=== Given records ===

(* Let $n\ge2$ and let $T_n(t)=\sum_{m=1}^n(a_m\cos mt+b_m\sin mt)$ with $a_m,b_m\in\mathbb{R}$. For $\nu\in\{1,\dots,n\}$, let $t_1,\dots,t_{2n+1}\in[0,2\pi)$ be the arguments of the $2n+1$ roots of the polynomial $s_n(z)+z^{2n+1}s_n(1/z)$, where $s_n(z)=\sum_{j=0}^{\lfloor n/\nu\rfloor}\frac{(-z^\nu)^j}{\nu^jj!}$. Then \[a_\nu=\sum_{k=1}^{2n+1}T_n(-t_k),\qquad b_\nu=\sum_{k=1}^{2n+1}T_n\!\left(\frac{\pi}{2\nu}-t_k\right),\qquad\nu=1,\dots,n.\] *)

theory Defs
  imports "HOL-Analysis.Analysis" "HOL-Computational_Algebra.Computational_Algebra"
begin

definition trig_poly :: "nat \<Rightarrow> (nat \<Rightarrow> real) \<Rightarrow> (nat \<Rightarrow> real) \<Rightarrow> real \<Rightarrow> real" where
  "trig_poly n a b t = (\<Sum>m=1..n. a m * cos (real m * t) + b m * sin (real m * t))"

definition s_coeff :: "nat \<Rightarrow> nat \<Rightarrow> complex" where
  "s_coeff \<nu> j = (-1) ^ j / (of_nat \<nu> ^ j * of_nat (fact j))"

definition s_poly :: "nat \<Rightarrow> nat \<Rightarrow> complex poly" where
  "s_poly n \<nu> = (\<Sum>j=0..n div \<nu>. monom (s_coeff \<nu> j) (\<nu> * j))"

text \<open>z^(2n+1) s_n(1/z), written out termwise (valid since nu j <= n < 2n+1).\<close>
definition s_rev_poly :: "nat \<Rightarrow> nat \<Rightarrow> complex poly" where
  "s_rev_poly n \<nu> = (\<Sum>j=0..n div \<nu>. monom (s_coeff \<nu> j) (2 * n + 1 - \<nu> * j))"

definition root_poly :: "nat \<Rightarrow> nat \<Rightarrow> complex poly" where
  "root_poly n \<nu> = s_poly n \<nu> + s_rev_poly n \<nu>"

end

===

**What you should do:** Your reply must be a faithful copy of each entry above.

**Exercise answer:**
(* Let $n\ge2$ and let $T_n(t)=\sum_{m=1}^n(a_m\cos mt+b_m\sin mt)$ with $a_m,b_m\in\mathbb{R}$. For $\nu\in\{1,\dots,n\}$, let $t_1,\dots,t_{2n+1}\in[0,2\pi)$ be the arguments of the $2n+1$ roots of the polynomial $s_n(z)+z^{2n+1}s_n(1/z)$, where $s_n(z)=\sum_{j=0}^{\lfloor n/\nu\rfloor}\frac{(-z^\nu)^j}{\nu^jj!}$. Then \[a_\nu=\sum_{k=1}^{2n+1}T_n(-t_k),\qquad b_\nu=\sum_{k=1}^{2n+1}T_n\!\left(\frac{\pi}{2\nu}-t_k\right),\qquad\nu=1,\dots,n.\] *)

theory Defs
  imports "HOL-Analysis.Analysis" "HOL-Computational_Algebra.Computational_Algebra"
begin

definition trig_poly :: "nat \<Rightarrow> (nat \<Rightarrow> real) \<Rightarrow> (nat \<Rightarrow> real) \<Rightarrow> real \<Rightarrow> real" where
  "trig_poly n a b t = (\<Sum>m=1..n. a m * cos (real m * t) + b m * sin (real m * t))"

definition s_coeff :: "nat \<Rightarrow> nat \<Rightarrow> complex" where
  "s_coeff \<nu> j = (-1) ^ j / (of_nat \<nu> ^ j * of_nat (fact j))"

definition s_poly :: "nat \<Rightarrow> nat \<Rightarrow> complex poly" where
  "s_poly n \<nu> = (\<Sum>j=0..n div \<nu>. monom (s_coeff \<nu> j) (\<nu> * j))"

text \<open>z^(2n+1) s_n(1/z), written out termwise (valid since nu j <= n < 2n+1).\<close>
definition s_rev_poly :: "nat \<Rightarrow> nat \<Rightarrow> complex poly" where
  "s_rev_poly n \<nu> = (\<Sum>j=0..n div \<nu>. monom (s_coeff \<nu> j) (2 * n + 1 - \<nu> * j))"

definition root_poly :: "nat \<Rightarrow> nat \<Rightarrow> complex poly" where
  "root_poly n \<nu> = s_poly n \<nu> + s_rev_poly n \<nu>"

end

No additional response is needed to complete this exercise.